• _Task description_
Starting with the line that contains "(theta - 1)", copy every line through the end of the data below, exactly and with nothing added.

• _Task inputs_
theorem lemma6:
  fixes n :: nat
    and fi :: "nat \<Rightarrow> 'a::euclidean_space \<Rightarrow> real" and Dfi :: "nat \<Rightarrow> 'a \<Rightarrow> 'a"
    and Li :: "nat \<Rightarrow> real" and Lhat L Lbar mu p Gam alpha tau omega :: real
    and xs :: 'a
    and M :: "'w measure" and Cy :: "nat \<Rightarrow> 'w \<Rightarrow> 'a \<Rightarrow> 'a" and c :: "'w \<Rightarrow> bool"
    and u z w :: 'a and h :: "nat \<Rightarrow> 'a"
    and f :: "'a \<Rightarrow> real" and Df :: "'a \<Rightarrow> 'a"
    and Lmax theta_min theta_bar theta gamma Gam' :: real
    and y :: 'a and g u' x' z' :: "'w \<Rightarrow> 'a"
  assumes n_pos: "n > 0"
    and def_f: "f = (\<lambda>x. (1 / real n) * (\<Sum>i<n. fi i x))"
    and def_Df: "Df = (\<lambda>x. (1 / real n) *\<^sub>R (\<Sum>i<n. Dfi i x))"
    and def_Lmax: "Lmax = Max (Li ` {..<n})"
    and def_theta_min: "theta_min = 1 / 4 * min (min 1 (alpha / p)) (min (tau / p) ((1 / (omega + 1)) / p))"
    and def_theta_bar: "theta_bar = largest_root (p * Lbar * Gam) (p * (Lbar + Gam * mu)) (Lbar + Gam * mu)"
    and def_theta: "theta = min theta_bar theta_min"
    and def_gamma: "gamma = p * theta * Gam / (1 - p * theta)"
    and def_Gam'_: "Gam' = Gam + gamma"
    and def_y: "y = theta *\<^sub>R w + (1 - theta) *\<^sub>R z"
    and def_g: "g = (\<lambda>s. (1 / real n) *\<^sub>R (\<Sum>i<n. h i) + (1 / real n) *\<^sub>R (\<Sum>i<n. Cy i s (Dfi i y - h i)))"
    and def_u'_: "u' = (\<lambda>s. arg_min (\<lambda>x. inner (g s) x + (Lbar + Gam * mu) / (2 * gamma) * (norm (x - u))\<^sup>2
                                   + mu / 2 * (norm (x - y))\<^sup>2) (\<lambda>_. True))"
    and def_x'_: "x' = (\<lambda>s. theta *\<^sub>R u' s + (1 - theta) *\<^sub>R z)"
    and def_z'_: "z' = (\<lambda>s. if c s then x' s else z)"
    \<comment> \<open>Assumption 1\<close>
    and smooth_i: "\<forall>i<n. smooth_with (Li i) (fi i) (Dfi i)"
    and Lhat_pos: "Lhat > 0"
    and Lhat: "\<forall>x y. (1 / real n) * (\<Sum>i<n. (norm (Dfi i x - Dfi i y))\<^sup>2) \<le> Lhat\<^sup>2 * (norm (x - y))\<^sup>2"
    \<comment> \<open>Assumption 2\<close>
    and smooth_f: "smooth_with L f Df"
    \<comment> \<open>Assumption 3\<close>
    and convex_i: "\<forall>i<n. convex_on UNIV (fi i)"
    and mu_nonneg: "mu \<ge> 0"
    and strong: "strongly_convex mu f"
    and xs_min: "\<forall>x. f xs \<le> f x"
    \<comment> \<open>parameters of the algorithm\<close>
    and Lbar_pos: "Lbar > 0"
    and p_range: "0 < p" "p \<le> 1"
    and Gam_ge: "Gam \<ge> 1"
    and tau_range: "0 < tau" "tau \<le> 1"
    and alpha_range: "0 < alpha" "alpha \<le> 1"
    \<comment> \<open>randomness of step t: worker compressors and coin\<close>
    and M_prob: "prob_space M"
    and Cy_U: "\<forall>i<n. unbiased_compressor M omega (Cy i)"
    and c_meas: "c \<in> measurable M (count_space UNIV)"
    and c_prob: "prob_space.prob M {s \<in> space M. c s} = p"
    \<comment> \<open>Assumption 4: independence\<close>
    and indep: "\<forall>xv :: nat \<Rightarrow> 'a.
        prob_space.indep_vars M (\<lambda>_. borel) (\<lambda>i s. Cy i s (xv i)) {..<n} \<and>
        prob_space.indep_set M
          {(\<lambda>s. \<lambda>i\<in>{..<n}. Cy i s (xv i)) -` A \<inter> space M | A. A \<in> sets (PiM {..<n} (\<lambda>_. borel))}
          {c -` B \<inter> space M | B. B \<in> sets (count_space (UNIV :: bool set))}"
  shows "(\<integral>s. f (z' s) - f xs \<partial>M)
    \<le> (1 - p * theta) * (f z - f xs)
      + 2 * p * omega / (real n * Lbar) * ((1 / real n) * (\<Sum>i<n. (norm (h i - Dfi i z))\<^sup>2))
      + p * theta * ((Lbar + Gam * mu) / (2 * gamma) * (norm (u - xs))\<^sup>2
                     - (Lbar + Gam' * mu) / (2 * gamma) * (\<integral>s. (norm (u' s - xs))\<^sup>2 \<partial>M))
      + p * (4 * omega * Lmax / (real n * Lbar) + theta - 1) * bregman f Df z y
      + p * L / 2 * (\<integral>s. (norm (x' s - y))\<^sup>2 \<partial>M)
      - p * theta\<^sup>2 * Lbar / 2 * (\<integral>s. (norm (u' s - u))\<^sup>2 \<partial>M)"
proof -
  interpret prob_space M by (rule M_prob)
  define K where "K = (Lbar + Gam * mu) / (2 * gamma)"
  define E where "E = (\<lambda>s. g s - Df y)"
  have omega: "0 \<le> omega" using Cy_U n_pos unfolding unbiased_compressor_def by blast
  have "0 < theta_min" "theta_min \<le> 1 / 4"
    unfolding def_theta_min using alpha_range tau_range p_range omega by auto
  note stepsize = stepsize_bounds[OF p_range Lbar_pos Gam_ge mu_nonneg this
      def_theta[unfolded def_theta_bar] def_gamma, folded K_def]
  have K: "0 < K" "(Lbar + Gam' * mu) / (2 * gamma) = K + mu / 2"
    unfolding K_def def_Gam'_ using stepsize(2) Lbar_pos Gam_ge mu_nonneg
    by (simp_all add: add_pos_nonneg field_simps)
  have Lmax: "\<forall>i<n. Li i \<le> Lmax" unfolding def_Lmax by (auto intro: Max_ge)
  note E = compressed_gradient_error[OF n_pos def_f def_Df smooth_i convex_i Lmax Cy_U
      indep[rule_format, THEN conjunct1] indep[rule_format, THEN conjunct2] def_g E_def]
  have "g = (\<lambda>s. Df y + E s)" unfolding E_def by simp
  then have u'_prox: "u' = (\<lambda>s. prox_point K mu (Df y + E s) u y)"
    unfolding def_u'_ K_def[symmetric] by (simp only: arg_min_prox_objective[OF K(1) mu_nonneg])
  define W where "W = 4 * omega * Lmax / (real n * Lbar) * bregman f Df z y
    + 2 * omega / (real n * Lbar) * ((1 / real n) * (\<Sum>i<n. (norm (h i - Dfi i z))\<^sup>2))"
  have "Lbar * W = omega / real n * (4 * Lmax * bregman f Df z y
      + 2 * ((1 / real n) * (\<Sum>i<n. (norm (h i - Dfi i z))\<^sup>2)))"
    unfolding W_def using Lbar_pos n_pos by (simp add: field_simps)
  then have "(\<integral>s. (norm (E s))\<^sup>2 \<partial>M) \<le> Lbar * W" using E(5) by simp
  note step = noisy_prox_step_le[OF strong smooth_f mu_nonneg K(1) stepsize(1,3) Lbar_pos E(1-4) this
      u'_prox def_x'_]
  have "continuous_on UNIV (\<lambda>v. theta *\<^sub>R prox_point K mu (Df y + v) u y + (1 - theta) *\<^sub>R z)"
    unfolding prox_point_def by (intro continuous_intros)
  from integral_coin_step[OF smooth_with_continuous[OF smooth_f] this E(1) c_meas E(6) c_prob] step(1)
  have "(\<integral>s. f (z' s) - f xs \<partial>M) = p * ((\<integral>s. f (x' s) \<partial>M) - f xs) + (1 - p) * (f z - f xs)"
    unfolding def_z'_ def_x'_ u'_prox by simp
  also have "\<dots> \<le> p * ((1 - theta) * (f z - f xs)
        + theta * (K * (norm (u - xs))\<^sup>2 - (K + mu / 2) * (\<integral>s. (norm (u' s - xs))\<^sup>2 \<partial>M))
        + (theta - 1) * bregman f Df z y + L / 2 * (\<integral>s. (norm (x' s - y))\<^sup>2 \<partial>M)
        - theta\<^sup>2 * Lbar / 2 * (\<integral>s. (norm (u' s - u))\<^sup>2 \<partial>M) + W) + (1 - p) * (f z - f xs)"
    using step(2)[of xs] p_range by (intro add_right_mono mult_left_mono) auto
  finally show ?thesis
    unfolding K_def[symmetric] K(2) W_def by (simp add: algebra_simps)
qed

• _Exercise result_
        + (theta - 1) * bregman f Df z y + L / 2 * (\<integral>s. (norm (x' s - y))\<^sup>2 \<partial>M)
        - theta\<^sup>2 * Lbar / 2 * (\<integral>s. (norm (u' s - u))\<^sup>2 \<partial>M) + W) + (1 - p) * (f z - f xs)"
    using step(2)[of xs] p_range by (intro add_right_mono mult_left_mono) auto
  finally show ?thesis
    unfolding K_def[symmetric] K(2) W_def by (simp add: algebra_simps)
qed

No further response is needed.